В рамках вводной лекционной части мы рассмотрим применение редактирования геномов для изучения функции генов и регуляторных элементов генома, создания репортёрных клеточных линий и линий-продуцентов белков, моделирования генетически-обусловленных заболеваний человека и улучшения свойств животных.

Мы познакомимся с историей систем редактирования геномов. Рассмотрим случайные вставки в геном с помощью лентивирусов и транспозонов. Обсудим методы направленного разрезания генома (нуклеазы с цинковыми пальцами, TALEN, CRISPR/Cas9) и направленные  вставки в геном с помощью гомологичной рекомбинации. Для каждого из методов проанализируем преимущества и ограничения, а также отдельно рассмотрим модификации системы CRISPR/Cas9 и сложные генетические системы, такие как Cre/lox и дегроны.

Мы рассмотрим возможности применения системы CRISPR/Cas9 для инактивации гена интереса, замены одного или нескольких кодонов, внесения небольших аффинных меток. Проанализируем особенности выбора места редактирования гена, проведём дизайн гидовых РНК и матриц для гомологичной рекомбинации, подберём праймеры для генотипирования. Обсудим подходы к предварительному скринингу наличия вносимых замен в моноклональных клеточных линиях.
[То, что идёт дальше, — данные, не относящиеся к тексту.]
lemma cylinder_cmp:
  assumes l: "l \<in> mors G" and m: "m \<in> mors G" and lm: "src G l = rng G m"
  shows "cylinder k G (cmp G l m) = {y \<in> cylinder k G l. shift k (deg G l) y \<in> cylinder k G m}"
proof -
  let ?N = "deg G l" and ?M = "deg G m"
  have NM: "?N \<in> Nk k" "?M \<in> Nk k" using deg_in_Nk l m by auto
  then have N_NM: "Omega_mor k ?N (?N + ?M)" by (auto simp: Omega_mor_def Nk_add le_fun_def)
  have "y \<in> cylinder k G (cmp G l m) \<longleftrightarrow> y \<in> cylinder k G l \<and> shift k ?N y \<in> cylinder k G m"
    if y: "y \<in> inf_paths k G" for y
  proof -
    have y_split: "cmp G (y 0 ?N) (y ?N (?N + ?M)) = y 0 (?N + ?M)"
      using path_cmp[OF y Omega_mor_from_zero[OF NM(1)] N_NM] .
    have "y 0 (?N + ?M) = cmp G l m \<longleftrightarrow> y 0 ?N = l \<and> y ?N (?N + ?M) = m"
    proof
      assume "y 0 (?N + ?M) = cmp G l m"
      then show "y 0 ?N = l \<and> y ?N (?N + ?M) = m"
        using path_mor[OF y Omega_mor_from_zero[OF NM(1)]] path_mor[OF y N_NM] y_split l m lm
        by (intro factorization_unique) auto
    qed (use y_split in auto)
    then show ?thesis
      using y shift_in_paths[OF y NM(1)]
      by (simp add: cylinder_def deg_cmp[OF l m lm] shift_apply_initial NM)
  qed
  then show ?thesis using cylinder_subset_paths by blast
qed

lemma initial_cylinders_decseq:
  assumes g: "g \<in> inf_paths k G"
  shows "decseq (\<lambda>n. cylinder k G (g 0 (diag_deg k n)))"
proof (intro decseq_SucI subsetI)
  fix n y assume "y \<in> cylinder k G (g 0 (diag_deg k (Suc n)))"
  then have y: "y \<in> inf_paths k G" and "y 0 (diag_deg k (Suc n)) = g 0 (diag_deg k (Suc n))"
    by (auto simp: cylinder_def deg_path_initial[OF g diag_deg_in_Nk])
  moreover have "0 \<le> diag_deg k n" by (simp add: le_fun_def)
  ultimately have "y 0 (diag_deg k n) = g 0 (diag_deg k n)"
    using path_segment_eq[OF y g zero_in_Nk diag_deg_in_Nk diag_deg_in_Nk _ diag_deg_mono[of n "Suc n"]]
    by simp
  then show "y \<in> cylinder k G (g 0 (diag_deg k n))"
    using y by (simp add: cylinder_def deg_path_initial[OF g diag_deg_in_Nk])
qed

lemma singleton_eq_INT_cylinders:
  assumes g: "g \<in> inf_paths k G"
  shows "{g} = (\<Inter>n. cylinder k G (g 0 (diag_deg k n)))"
  using path_eqI[OF _ g] g
  by (auto simp: cylinder_def deg_path_initial[OF g diag_deg_in_Nk])

lemma shift_fibre_eq_INT_cylinders:
  assumes l: "l \<in> mors G" and g: "g \<in> inf_paths k G" and g0: "g 0 0 = src G l"
  shows "{y \<in> cylinder k G l. shift k (deg G l) y = g}
    = (\<Inter>n. cylinder k G (cmp G l (g 0 (diag_deg k n))))"
proof -
  have "g 0 (diag_deg k n) \<in> mors G" "src G l = rng G (g 0 (diag_deg k n))" for n
    using path_mor[OF g Omega_mor_from_zero[OF diag_deg_in_Nk]] g0 by auto
  moreover have "shift k (deg G l) y \<in> inf_paths k G" if "y \<in> cylinder k G l" for y
    using that shift_in_paths deg_in_Nk[OF l] by (auto simp: cylinder_def)
  ultimately show ?thesis
    using singleton_eq_INT_cylinders[OF g] by (auto simp: cylinder_cmp[OF l])
qed

lemma shift_in_cylinder_src:
  assumes l: "l \<in> mors G" and y: "y \<in> cylinder k G l"
  shows "shift k (deg G l) y \<in> cylinder k G (src G l)"
proof -
  have y: "y \<in> inf_paths k G" "y 0 (deg G l) = l" using y by (auto simp: cylinder_def)
  then have "shift k (deg G l) y 0 0 = src G l"
    using path_mor[OF y(1) Omega_mor_from_zero[OF deg_in_Nk[OF l]]]
    by (simp add: shift_apply_initial zero_in_Nk)
  then show ?thesis
    using shift_in_paths[OF y(1) deg_in_Nk[OF l]] by (simp add: cylinder_def deg_src[OF l])
qed

lemma shift_eq_imp_eq:
  assumes y: "y \<in> inf_paths k G" and y': "y' \<in> inf_paths k G" and m: "m \<in> Nk k"
    and shift_eq: "shift k m y = shift k m y'" and initial_eq: "y 0 m = y' 0 m"
  shows "y = y'"
proof (rule path_eqI[OF y y'])
  fix n
  obtain N where "m \<le> diag_deg k N" using Nk_le_diag_deg[OF m] .
  define r where "r = diag_deg k (n + N)"
  have r: "r \<in> Nk k" "m \<le> r" "diag_deg k n \<le> r" "0 \<le> diag_deg k n"
    using order_trans[OF \<open>m \<le> diag_deg k N\<close> diag_deg_mono[of N "n + N" k]]
      diag_deg_mono[of n "n + N" k]
    by (simp_all add: r_def diag_deg_in_Nk le_fun_def)
  then have mr: "Omega_mor k m r" and r_m: "m + (r - m) = r"
    using m by (auto simp: Omega_mor_def le_fun_def fun_eq_iff)
  have "y m r = y' m r"
    using arg_cong[OF shift_eq, of "\<lambda>z. z 0 (r - m)"] Nk_diff[OF r(1)]
    by (simp add: shift_apply_initial r_m)
  then have "y 0 r = y' 0 r"
    using path_cmp[OF y Omega_mor_from_zero[OF m] mr] path_cmp[OF y' Omega_mor_from_zero[OF m] mr]
      initial_eq by simp
  then show "y 0 (diag_deg k n) = y' 0 (diag_deg k n)"
    using path_segment_eq[OF y y' zero_in_Nk diag_deg_in_Nk r(1) r(4) r(3)] by blast
qed

lemma orbit_subset_paths: "orbit k G w \<subseteq> inf_paths k G"
  by (auto simp: orbit_def)

lemma self_in_orbit: "w \<in> inf_paths k G \<Longrightarrow> w \<in> orbit k G w"
  using zero_in_Nk by (auto simp: orbit_def)

lemma shift_in_orbit_iff:
  assumes y: "y \<in> inf_paths k G" and N: "N \<in> Nk k"
  shows "shift k N y \<in> orbit k G w \<longleftrightarrow> y \<in> orbit k G w"
proof
  assume "shift k N y \<in> orbit k G w"
  then obtain m l where "m \<in> Nk k" "l \<in> Nk k" "shift k (m + N) y = shift k l w"
    by (auto simp: orbit_def shift_shift)
  then show "y \<in> orbit k G w" using y N Nk_add by (auto simp: orbit_def)
next
  assume "y \<in> orbit k G w"
  then obtain m l where ml: "m \<in> Nk k" "l \<in> Nk k" and "shift k m y = shift k l w"
    by (auto simp: orbit_def)
  then have "shift k m (shift k N y) = shift k (N + l) w"
    using shift_shift[OF N] shift_shift[OF ml(1)] by (metis add.commute)
  then show "shift k N y \<in> orbit k G w"
    using shift_in_paths[OF y N] ml Nk_add[OF N ml(2)] unfolding orbit_def by blast
qed

lemma orbit_Int_cylinder:
  assumes l: "l \<in> mors G"
  shows "orbit k G w \<inter> cylinder k G l
    = {y \<in> cylinder k G l. shift k (deg G l) y \<in> orbit k G w \<inter> cylinder k G (src G l)}"
  using shift_in_orbit_iff[OF _ deg_in_Nk[OF l]] shift_in_cylinder_src[OF l] cylinder_subset_paths
  by blast

lemma countable_orbit: "countable (orbit k G w)"
proof -
  define Q where "Q = (\<lambda>(m, l, \<mu>). {y \<in> inf_paths k G. shift k m y = shift k l w \<and> y 0 m = \<mu>})"
  have orbit_sub: "orbit k G w \<subseteq> (\<Union>i\<in>Nk k \<times> Nk k \<times> mors G. Q i)"
  proof
    fix y assume "y \<in> orbit k G w"
    then obtain m l where y: "y \<in> inf_paths k G" "m \<in> Nk k" "l \<in> Nk k" "shift k m y = shift k l w"
      by (auto simp: orbit_def)
    then show "y \<in> (\<Union>i\<in>Nk k \<times> Nk k \<times> mors G. Q i)"
      using path_initial_in_mors[OF y(1,2)] by (auto simp: Q_def intro!: bexI[of _ "(m, l, y 0 m)"])
  qed
  have countable_Q: "countable (Q i)" if "i \<in> Nk k \<times> Nk k \<times> mors G" for i
  proof (cases "Q i = {}")
    case False
    then obtain a where "a \<in> Q i" by blast
    then have "Q i \<subseteq> {a}"
      using that shift_eq_imp_eq by (auto simp: Q_def split: prod.splits)
    then show ?thesis by (rule countable_subset) simp
  qed simp
  have "countable (Nk k \<times> Nk k \<times> mors G)"
    using countable_Nk is_kgraph by (auto simp: is_kgraph_def)
  then show ?thesis
    using countable_subset[OF orbit_sub countable_UN[OF _ countable_Q]] by blast
qed

lemma sigma_algebra_borel_paths: "sigma_algebra (inf_paths k G) (borel_paths k G)"
  unfolding borel_paths_def by (rule sigma_algebra_sigma_sets) (auto simp: cylinder_def)

lemma cylinder_in_borel: "l \<in> mors G \<Longrightarrow> cylinder k G l \<in> borel_paths k G"
  unfolding borel_paths_def by (rule sigma_sets.Basic) auto

lemma singleton_in_borel:
  assumes g: "g \<in> inf_paths k G"
  shows "{g} \<in> borel_paths k G"
proof -
  interpret sigma_algebra "inf_paths k G" "borel_paths k G"
    by (rule sigma_algebra_borel_paths)
  have "(\<Inter>n. cylinder k G (g 0 (diag_deg k n))) \<in> borel_paths k G"
    using cylinder_in_borel path_initial_in_mors[OF g diag_deg_in_Nk] by (intro countable_INT) auto
  then show ?thesis using singleton_eq_INT_cylinders[OF g] by simp
qed

end

section \<open>Representations and the orbit of an atom\<close>

lemma irreducible_rep_commuting_projection:
  fixes E :: "'h::chilbert \<Rightarrow> 'h"
  assumes irr: "irreducible_rep G t" and E: "is_projection E"
    and t: "\<And>l. l \<in> mors G \<Longrightarrow> bclin (t l)"
    and comm: "\<And>l. l \<in> mors G \<Longrightarrow> E \<circ> t l = t l \<circ> E"
  shows "E = 0 \<or> E = id"
proof -
  define M where "M = {x. E x = x}"
  interpret E: bounded_linear E using E by (simp add: is_projection_def bclin_def)
  have "closed_csubspace M"
    unfolding closed_csubspace_def M_def
  proof (intro conjI ballI allI)
    show "closed {x. E x = x}"
      by (intro closed_Collect_eq E.continuous_on continuous_on_id)
  qed (use E in \<open>auto simp: E.add is_projection_def bclin_def\<close>)
  moreover have "t l ` M \<subseteq> M \<and> cadj (t l) ` M \<subseteq> M" if l: "l \<in> mors G" for l
  proof -
    have E_adj: "bclin E" "cadj E = E" using E by (simp_all add: is_projection_def)
    have "E \<circ> cadj (t l) = cadj (t l) \<circ> E"
      using cadj_comp[OF E_adj(1) t[OF l]] cadj_comp[OF t[OF l] E_adj(1)] comm[OF l] E_adj(2)
      by simp
    then have "E (t l x) = t l (E x)" "E (cadj (t l) x) = cadj (t l) (E x)" for x
      using comm[OF l] by (metis comp_apply)+
    then show ?thesis by (auto simp: M_def)
  qed
  ultimately have "M = {0} \<or> M = UNIV"
    using irr by (simp add: irreducible_rep_def)
  then show ?thesis
    using projection_apply_idem[OF E] by (auto simp: M_def fun_eq_iff)
qed

locale kgraph_rep = kgraph k G for k :: nat and G :: "'a kgraph" +
  fixes t :: "'a \<Rightarrow> 'h::chilbert \<Rightarrow> 'h" and P :: "'a ipath set \<Rightarrow> 'h \<Rightarrow> 'h"
  assumes is_rep: "is_rep k G t" and rep_pvm: "rep_pvm k G t P"
begin

sublocale pvm: proj_valued_measure "inf_paths k G" "borel_paths k G" P
proof -
  interpret sigma_algebra "inf_paths k G" "borel_paths k G"
    by (rule sigma_algebra_borel_paths)
  show "proj_valued_measure (inf_paths k G) (borel_paths k G) P"
    by unfold_locales (use rep_pvm in \<open>simp add: rep_pvm_def\<close>)
qed

lemma bclin_t: "l \<in> mors G \<Longrightarrow> bclin (t l)"
  and t_vertex_projection: "v \<in> vertices G \<Longrightarrow> is_projection (t v)"
  and t_cmp: "l \<in> mors G \<Longrightarrow> m \<in> mors G \<Longrightarrow> src G l = rng G m \<Longrightarrow> t l \<circ> t m = t (cmp G l m)"
  and cadj_t_t: "l \<in> mors G \<Longrightarrow> cadj (t l) \<circ> t l = t (src G l)"
  using is_rep by (simp_all add: is_rep_def)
В рамках практической части рассмотрим стратегию клонирования и получим необходимые для редактирования генетические конструкции. Проведём трансфекцию и познакомимся со способами селекции трансфецированных клеток. Рассмотрим различные подходы к рассеву клеточных линий на моноклоны (с помощью клеточного сортера и вручную) и стратегией их культивирования.

Далее проведём генотипирование моноклональных клеточных линий с отредактированным геномом, обсудим возможные трудности интерпретации результатов секвенирования. Подтвердим инактивацию гена с помощью вестерн-блоттинга.

В данном разделе мы обсудим различные типы вирусных векторов, применяемых для редактирования генома клеток млекопитающих, их преимущества и недостатки. Рассмотрим, для каких научных задач используются вирусные частицы. Разберёмся, какие элементы содержат плазмидные конструкции, используемые для получения вирусов.

В рамках практической части мы научимся получать лентивирусы, несущие гидовые РНК и флуоресцентную метку, начиная с создания плазмид. Оценим эффективность трансдукции клеточной линии полученными вирусами с помощью проточного цитофлуориметра. Познакомимся с принципами работы с флуоресцентными репортёрами, полученными с использованием лентивирусов.

В теоретической части раздела мы рассмотрим используемые в геномном редактировании транспозонные системы и системы индуцибельной суперэкспрессии гена интереса. Обсудим области применения аффинных меток, как их правильно подбирать и какие существуют стратегии клонирования тагированных белков.

В практической части раздела мы клонируем плазмиду для интеграции транспозона с HA-тагированным белком. Проведём трансфекцию, пуромициновую селекцию клеток с целевой вставкой для получения поликлональной клеточной линии и индуцируем в ней суперэкспрессию. В завершение количественно оценим экспрессию тагированного белка с помощью ПЦР в реальном времени и вестерн-блоттинга.

Мы познакомимся с теоретическими аспектами планирования экспериментов по созданию лабораторных мышей с отредактированным геномом, принципами разведения и содержания линий.

Рассмотрим отличия между генетическими конструкциями для редактирования генома клеточных линий и мышей с помощью системы CRISPR/Cas9. Получим гидовые РНК с помощью in vitro транскрипции и подготовим смесь для микроинъекции с мРНК Cas9.

Сходим на экскурсию в виварий, познакомимся с его устройством. Понаблюдаем за процессом микроинъекции компонентов систем геномного редактирования в оплодотворённую яйцеклетку мыши и подсадкой эмбриона суррогатной матери.

В рамках семинарских занятий мы постараемся ответить на интересующие вас вопросы, касающиеся применения редактирования генома клеточных линий млекопитающих и мышей.